La mémétique m'intéresse beaucoup (voir le site de la Société Francophone de Mémétique http://www.memetique.org ) et je suis régulièrement en contact avec Susan Blackmore.
Juste une petite rectification. Susan n'a jamais écrit aucun bouquin intitulé "pourquoi les hommes singent" mais en revenche elle a effectivement écrit "The Meme Machine" qui vient d'être publié en français aux éditions Max Milo sous le titre "La théorie des mèmes". Le titre que vous citez est une ancienne mouture qui n'a pas été retenue par l'éditeur, après discussion avec l'auteur.
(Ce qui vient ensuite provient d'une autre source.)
(* For every positive integer $n$, let $$U(n)=2\left\lfloor\frac{2^n}{2(n+1)}\right\rfloor,\qquad r(n)=2^n-(n+1)U(n),\qquad M_{\rm ad}(n)=\begin{cases}U(n)&\text{if } r(n)<2n,\\ U(n)+1 & \text{if } r(n)\ge 2n.\end{cases}$$ Then in the binary symmetric channel with two feedbacks and a single error, $M_{\rm ad}(n)$ messages can be transmitted with a strategy of length $n$.
   Context: Binary symmetric channel: alphabet $\{0,1\}$, an error replaces a symbol by the other symbol; "a single error" means at most one error during the whole transmission. A strategy of length $n$ with $k$ feedbacks: $n=n_1+\cdots+n_{k+1}$; for a message $m\in[M]$, the first $n_1$ symbols depend only on $m$; after $N_{i-1}=n_1+\cdots+n_{i-1}$ symbols have been sent ($i\ge2$), the encoder knows (error-free, instantaneously) the $N_{i-1}$ received symbols, and the $i$th block of $n_i$ symbols is a function of $m$ and these received symbols. The strategy transmits $M$ messages with a single error if the sets of output sequences reachable from distinct messages with at most one error are pairwise disjoint. *)

theory Defs
  imports Main
begin

text \<open>A strategy with k feedbacks is given by
  a list bl of k+1 block lengths n_1,...,n_{k+1} (total length n = sum_list bl) and an encoder
  enc m p j: the symbol sent at position j (0-based) for message m, given the received prefix p.
  The encoder is only ever queried with p = the received symbols before the start of the
  block containing position j, so block i is a function of m and the N_{i-1} received symbols.\<close>

definition block_start :: "nat list \<Rightarrow> nat \<Rightarrow> nat" where
  "block_start bl j = Max {sum_list (take i bl) | i. i \<le> length bl \<and> sum_list (take i bl) \<le> j}"

definition reachable1 :: "nat list \<Rightarrow> (nat \<Rightarrow> bool list \<Rightarrow> nat \<Rightarrow> bool) \<Rightarrow> nat \<Rightarrow> bool list \<Rightarrow> bool" where
  "reachable1 bl enc m y \<longleftrightarrow>
     length y = sum_list bl \<and>
     card {j. j < length y \<and> y ! j \<noteq> enc m (take (block_start bl j) y) j} \<le> 1"

definition transmits_single_error ::
  "nat list \<Rightarrow> (nat \<Rightarrow> bool list \<Rightarrow> nat \<Rightarrow> bool) \<Rightarrow> nat \<Rightarrow> bool" where
  "transmits_single_error bl enc M \<longleftrightarrow>
     (\<forall>m1 < M. \<forall>m2 < M. m1 \<noteq> m2 \<longrightarrow>
        \<not> (\<exists>y. reachable1 bl enc m1 y \<and> reachable1 bl enc m2 y))"

definition U :: "nat \<Rightarrow> nat" where
  "U n = 2 * (2 ^ n div (2 * (n + 1)))"


definition rr :: "nat \<Rightarrow> int" where
  "rr n = 2 ^ n - int (n + 1) * int (U n)"

definition M_ad :: "nat \<Rightarrow> nat" where
  "M_ad n = (if rr n < 2 * int n then U n else U n + 1)"

end

theory Submission
  imports Defs "HOL-Library.Disjoint_Sets"
begin

(* The first symbol tells whether m < M div 2. Once it is received, the messages split into a set A
  that may still suffer the error and a set B whose error has already occurred. The second block
  maps A injectively into pairs (word of length n2, index below K) and sends each message of B to a
  word whose third block still has room. After the second block is received, the third block sends
  the words of a single-error-correcting code of size K to the messages of A whose second block
  arrived intact, and pairwise distinct words outside the balls around these codewords to all
  other surviving messages. Counting volumes, everything fits as soon as
  ceil(M/2) n + floor(M/2) <= 2^(n-1), and the definition of M_ad guarantees exactly this. The
  codes come from Varshamov-Tenengolts residue classes for large n and are given explicitly for a
  few small n. *)

section \<open>Hamming distance\<close>

(* Only meaningful for lists of equal length: the tail of the longer list is ignored. *)
fun hamming_dist :: "'a list \<Rightarrow> 'a list \<Rightarrow> nat" where
  "hamming_dist (x # xs) (y # ys) = (if x = y then 0 else 1) + hamming_dist xs ys"
| "hamming_dist _ _ = 0"

lemma hamming_dist_append:
  "length a = length b \<Longrightarrow> hamming_dist (a @ c) (b @ d) = hamming_dist a b + hamming_dist c d"
  by (induction a b rule: list_induct2) auto

lemma hamming_dist_commute: "hamming_dist x y = hamming_dist y x"
  by (induction x y rule: hamming_dist.induct) auto

lemma hamming_dist_self [simp]: "hamming_dist x x = 0"
  by (induction x) auto

lemma hamming_dist_eq_0_iff: "length x = length y \<Longrightarrow> hamming_dist x y = 0 \<longleftrightarrow> x = y"
  by (induction x y rule: list_induct2) auto

lemma hamming_dist_triangle:
  "length x = length y \<Longrightarrow> length y = length z \<Longrightarrow>
    hamming_dist x z \<le> hamming_dist x y + hamming_dist y z"
proof (induction x y arbitrary: z rule: list_induct2)
  case Nil
  then show ?case by simp
next
  case (Cons a x b y)
  then obtain c z' where "z = c # z'" "length y = length z'"
    by (cases z) auto
  with Cons show ?case by fastforce
qed

lemma hamming_dist_conv_card:
  assumes "length x = length y"
  shows "hamming_dist x y = card {j. j < length x \<and> x ! j \<noteq> y ! j}"
proof -
  from assms have "hamming_dist x y = (\<Sum>j<length x. if x ! j \<noteq> y ! j then 1 else 0)"
    by (induction x y rule: list_induct2) (simp_all add: sum.lessThan_Suc_shift del: sum.lessThan_Suc)
  also have "\<dots> = card {j \<in> {..<length x}. x ! j \<noteq> y ! j}"
    by (simp add: sum.inter_filter[symmetric])
  finally show ?thesis
    by (simp add: lessThan_def)
qed

definition words :: "nat \<Rightarrow> bool list set" where
  "words n = {x. length x = n}"

lemma finite_words [simp]: "finite (words n)"
  using finite_lists_length_eq[of "UNIV :: bool set" n] by (simp add: words_def)

lemma card_words: "card (words n) = 2 ^ n"
  using card_lists_length_eq[of "UNIV :: bool set" n] by (simp add: words_def)

definition hamming_ball1 :: "'a list \<Rightarrow> 'a list set" where
  "hamming_ball1 c = {y. length y = length c \<and> hamming_dist y c \<le> 1}"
Malheureusement, un libraire en ligne avait déjà affiché sa page avec ce titre erroné.
Concernant l'oeuvre remarquable de René Girard, il faut creuser un peu et bien voir les différences importantes entre les notions de "désir mimétique" par exemple et la théorie mémétique qui couvre un autre champ de phénomènes.
Il n'en reste pas moins (et c'est un lien entre Blackmore et Girard) que les découvertes récentes (2002) concernant les systèmes de neurones miroirs accréditent un fait étrange : l'imitation est un phénomène involontaire, puisque notre cerveau s'active sans que la volonté n'intervienne, et paradoxalement, les intentions sont autant l'objet d'imitation que les gestes. Ainsi chez les primates (riches en neurones miroirs) on imite involontairement les désirs des congénères ! Ces recherches donnent un nouveau souffle inattendu au travail intuitif de Girard et rapprochent la mémétique de sa mimétique. Relisez le discours d'accueil à l'académie prononcé par Michel Serres, c'est criant par moments.

Pour ceux que cela intéresse, vous pouvez lire aussi mon bouquin intitulé "Comment les systèmes pondent" (Editions le Pommier, 2005).
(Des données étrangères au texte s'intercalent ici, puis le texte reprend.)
(* In the setting of the context (in any of the cases for the sign of $\partial_v r_-$), every radially outgoing null geodesic that is initially located outside or on the outer AH never intersects the outer AH at any later time, and reaches future null infinity, i.e. $x(v)\to\infty$ as $v\to\infty$.
   Context: Spherically symmetric spacetime $ds^2=-f(v,r)A(v,r)^2dv^2+2A(v,r)\,dr\,dv+r^2d\Omega^2$ with $A>0$, $f,A\to1$ as $r\to\infty$, $f(v,0)=1$, $\partial_rf(v,0)=\partial_rA(v,0)=0$; $f(v,\cdot)$ has exactly two zeros $r_+(v)>r_-(v)$ (outer/inner apparent horizons, AHs), $f=F(r-r_+)(r-r_-)$ with $F>0$, and $h=AF>0$. Assumptions: $\partial_v r_+<0$; $r_\pm(v)\to r_c$ as $v\to\infty$; the sign of $\partial_v r_-$ is constant; the $v\to\infty$ limits of $A,F,h$ behave as analytic functions of $r$, so all $\partial_r^n h$ converge as $v\to\infty$ (write $h(\infty,x)$ for the limit). With $x=r-r_c$, $x_\pm=r_\pm-r_c$ and $h$ regarded as a function of $(v,x)$, radially outgoing null geodesics are the solutions of $dx/dv=\tfrac12h(v,x)(x-x_+(v))(x-x_-(v))$. *)

theory Defs
  imports "HOL-Analysis.Analysis"
begin

definition real_analytic_on :: "(real \<Rightarrow> real) \<Rightarrow> real set \<Rightarrow> bool" where
  "real_analytic_on f S \<longleftrightarrow>
     (\<forall>y\<in>S. \<exists>r>0. \<exists>a::nat \<Rightarrow> real. \<forall>x. \<bar>x - y\<bar> < r \<longrightarrow> (\<lambda>n. a n * (x - y) ^ n) sums f x)"

end

theory Submission
  imports Defs
begin

(*
  Write g = x - x_+.  Wherever g vanishes, x' = 0 while x_+' < 0, so g' > 0 there: a
  function that can only cross zero upwards and starts non-negative stays positive,
  hence the geodesic never meets the outer horizon again.  Beyond the horizon x' > 0,
  so x is increasing.  If it stayed bounded it would converge to some L > 0, and then
  x' would tend to h(\<infinity>, L) L^2 / 2 > 0, forcing linear growth of x: contradiction.
*)

lemma pos_right_of_nonneg_point:
  fixes g :: "real \<Rightarrow> real"
  assumes deriv: "(g has_real_derivative d) (at s within S)"
    and zero: "g s = 0 \<Longrightarrow> d > 0"
    and "g s \<ge> 0"
  shows "\<exists>e>0. \<forall>h. h > 0 \<longrightarrow> h < e \<longrightarrow> s + h \<in> S \<longrightarrow> g (s + h) > 0"
proof (cases "g s = 0")
  case True
  then show ?thesis
    using has_real_derivative_pos_inc_right[OF deriv zero] by auto
next
  case False
  with \<open>g s \<ge> 0\<close> have "g s > 0"
    by simp
  moreover have "continuous (at s within S) g"
    using deriv by (rule DERIV_continuous)
  ultimately obtain e where "e > 0"
    and e: "\<And>t. t \<in> S \<Longrightarrow> dist t s < e \<Longrightarrow> dist (g t) (g s) < g s"
    unfolding continuous_within_eps_delta by metis
  have "g (s + h) > 0" if "h > 0" "h < e" "s + h \<in> S" for h
    using e[of "s + h"] that by (auto simp: dist_real_def)
  with \<open>e > 0\<close> show ?thesis
    by blast
qed

lemma pos_if_deriv_pos_at_zeros:
  fixes g g' :: "real \<Rightarrow> real"
  assumes deriv: "\<And>t. t \<ge> a \<Longrightarrow> (g has_real_derivative g' t) (at t within {a..})"
    and zeros: "\<And>t. t \<ge> a \<Longrightarrow> g t = 0 \<Longrightarrow> g' t > 0"
    and start: "g a \<ge> 0"
    and "a < v"
  shows "g v > 0"
proof (rule ccontr)
  assume "\<not> g v > 0"
  obtain w where w: "a < w" "g w < 0"
  proof (cases "g v = 0")
    case True
    then obtain d where d: "d > 0" "\<And>h. h > 0 \<Longrightarrow> v - h \<in> {a..} \<Longrightarrow> h < d \<Longrightarrow> g (v - h) < 0"
      using has_real_derivative_pos_inc_left[OF deriv zeros, of v] \<open>a < v\<close> by auto
    define h where "h = min d (v - a) / 2"
    have "h > 0" "h < d" "a < v - h"
      using d(1) \<open>a < v\<close> unfolding h_def by (auto simp: min_def field_simps)
    then show ?thesis
      using that d(2)[of h] by auto
  next
    case False
    then show ?thesis
      using that[of v] \<open>\<not> g v > 0\<close> \<open>a < v\<close> by auto
  qed
  have cont: "continuous_on {a..} g"
    using DERIV_continuous[OF deriv] by (auto simp: continuous_on_eq_continuous_within)
  \<comment> \<open>The last point of \<open>[a, w]\<close> with \<open>g \<ge> 0\<close> cannot exist: \<open>g\<close> is still positive just to its right.\<close>
  define S where "S = {a..w} \<inter> g -` {0..}"
  have "closed S"
    unfolding S_def by (intro continuous_closed_preimage continuous_on_subset[OF cont]) auto
  moreover have "a \<in> S" "bdd_above S"
    using start w unfolding S_def by auto
  ultimately have "Sup S \<in> S"
    using closed_contains_Sup by blast
  define s where "s = Sup S"
  have s: "a \<le> s" "s < w" "g s \<ge> 0"
    using \<open>Sup S \<in> S\<close> w unfolding s_def S_def by (auto simp: order.order_iff_strict)
  obtain d where d: "d > 0" "\<And>h. h > 0 \<Longrightarrow> h < d \<Longrightarrow> s + h \<in> {a..} \<Longrightarrow> g (s + h) > 0"
    using pos_right_of_nonneg_point[OF deriv zeros] s by blast
  define h where "h = min d (w - s) / 2"
  have h: "0 < h" "h < d" "s + h \<le> w"
    using d(1) s unfolding h_def by (auto simp: min_def field_simps)
  then have "s + h \<in> S"
    using d(2)[of h] s unfolding S_def by auto
  then have "s + h \<le> s"
    unfolding s_def using \<open>bdd_above S\<close> by (rule cSup_upper)
  with h show False
    by simp
qed

lemma gt_strictly_decreasing_barrier:
  fixes x xp xp' D :: "real \<Rightarrow> real"
  assumes x_deriv: "\<And>t. t \<ge> a \<Longrightarrow> (x has_real_derivative D t) (at t within {a..})"
    and xp_deriv: "\<And>t. (xp has_real_derivative xp' t) (at t)"
    and xp_decr: "\<And>t. xp' t < 0"
    and contact: "\<And>t. t \<ge> a \<Longrightarrow> x t = xp t \<Longrightarrow> D t \<ge> 0"
    and "x a \<ge> xp a" "a < v"
  shows "x v > xp v"
proof -
  have "0 < x v - xp v"
  proof (rule pos_if_deriv_pos_at_zeros[where g = "\<lambda>t. x t - xp t" and g' = "\<lambda>t. D t - xp' t"])
    show "((\<lambda>t. x t - xp t) has_real_derivative D t - xp' t) (at t within {a..})" if "t \<ge> a" for t
      by (intro derivative_intros x_deriv that has_field_derivative_at_within[OF xp_deriv])
    show "D t - xp' t > 0" if "t \<ge> a" "x t - xp t = 0" for t
      using contact[of t] xp_decr[of t] that by simp
  qed (use assms in simp_all)
  then show ?thesis
    by simp
qed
Rédigé par : Pascal Jouxtel | 8 oct 2006 19:20:00

A propos de votre Article de Décembre05 :''Le mème, un concept utile pour étudier les mécanismes profonds de l'évolution et de l'innovation'' , il me semble utile de signaler l'oeuvre fondamentale de René Girard sur le mimétisme.
C'est un francais qui a fait sa carrière aux USA , et qui vient d'entrer à l'Académie Française.
Cordialement,
Gérard Chambon

Rédigé par : Chambon Gérard | 22 mar 2006 14:36:56

Cette est très intéressante, est ce que vou pourriez développer au dela de l'encadré de votre livre. Comment est ce que l'innovation et la création vont évoluer si les barrières numériques sont mis en place.
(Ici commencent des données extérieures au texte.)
(* For $\alpha=(\alpha_0,\alpha_1,\alpha_2)\in\mathbb N^3$ and $a,b>0$ with $a\ne b$, $$\mathfrak H_\alpha(a,b)=(-1)^{|\alpha|+1}[1^{\alpha_0+1},a^{\alpha_1+1},b^{\alpha_2+1}]\log=(-1)^{|\alpha|+1}[1^{\alpha_0},a^{\alpha_1+1},b^{\alpha_2+1}]\mathcal L_0=\frac{(-1)^{|\alpha|+\alpha_0+1}}{\alpha_1!\,\alpha_2!}\,\partial_a^{\alpha_1}\partial_b^{\alpha_2}\frac{\mathcal L_{\alpha_0}(b)-\mathcal L_{\alpha_0}(a)}{b-a}.$$ In particular $\mathfrak H_{(r,0,0)}(a,b)=-\frac{\mathcal L_r(b)-\mathcal L_r(a)}{b-a}$ for $r\in\mathbb N$.
   Context: $\mathfrak H_\alpha(a,b):=\int_0^\infty x^{|\alpha|+1}(1+x)^{-\alpha_0-1}(1+ax)^{-\alpha_1-1}(1+bx)^{-\alpha_2-1}\,dx$ for $a,b>0$, $|\alpha|=\alpha_0+\alpha_1+\alpha_2$. $\mathcal L_0(s)=\frac{\log s}{s-1}$ and for $r\in\mathbb N$, $\mathcal L_r(s):=(-1)^r[1^{r+1},s]\log$ (the "modified logarithm"). Divided differences: for $f$ smooth on an open interval, $[y_0]f=f(y_0)$, $[y_0,\dots,y_n]f=\int_{\{t\ge0,\sum t_j=1\}}f^{(n)}(\sum t_jy_j)\,dt_1\cdots dt_n$, defined also for repeated arguments; $[1^k,a^l,b^q]f$ denotes the divided difference with $k$ arguments $1$, $l$ arguments $a$, $q$ arguments $b$. *)

theory Defs
  imports "HOL-Analysis.Analysis"
begin

text \<open>Divided difference of f with argument list ys = [y_0, ..., y_n], defined
  (as in the paper) by the Hermite-Genocchi integral over the standard simplex
  {t_1,...,t_n >= 0, t_1+...+t_n <= 1}, with t_0 = 1 - (t_1+...+t_n).\<close>
definition divdiff :: "real list \<Rightarrow> (real \<Rightarrow> real) \<Rightarrow> real" where
  "divdiff ys f =
     (let n = length ys - 1 in
      \<integral>t. (if (\<forall>j\<in>{1..n}. 0 \<le> t j) \<and> (\<Sum>j=1..n. t j) \<le> 1
            then (deriv ^^ n) f ((1 - (\<Sum>j=1..n. t j)) * ys ! 0 + (\<Sum>j=1..n. t j * ys ! j))
            else 0)
        \<partial>(PiM {1..n} (\<lambda>_. lborel)))"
Le discours sur la mise en place des barrières à la copie (juridiques et techniques) est justifié par le fait que personne n'investira en R&D ou en création si ces barrières n'existent pas. Mais dans le même temps ces barrières sont un frein à l'innovation puisque il s'agit de protéger l'existant et les oeuvres du passé contre ce qui est encore à créer et les oeuvres du futur.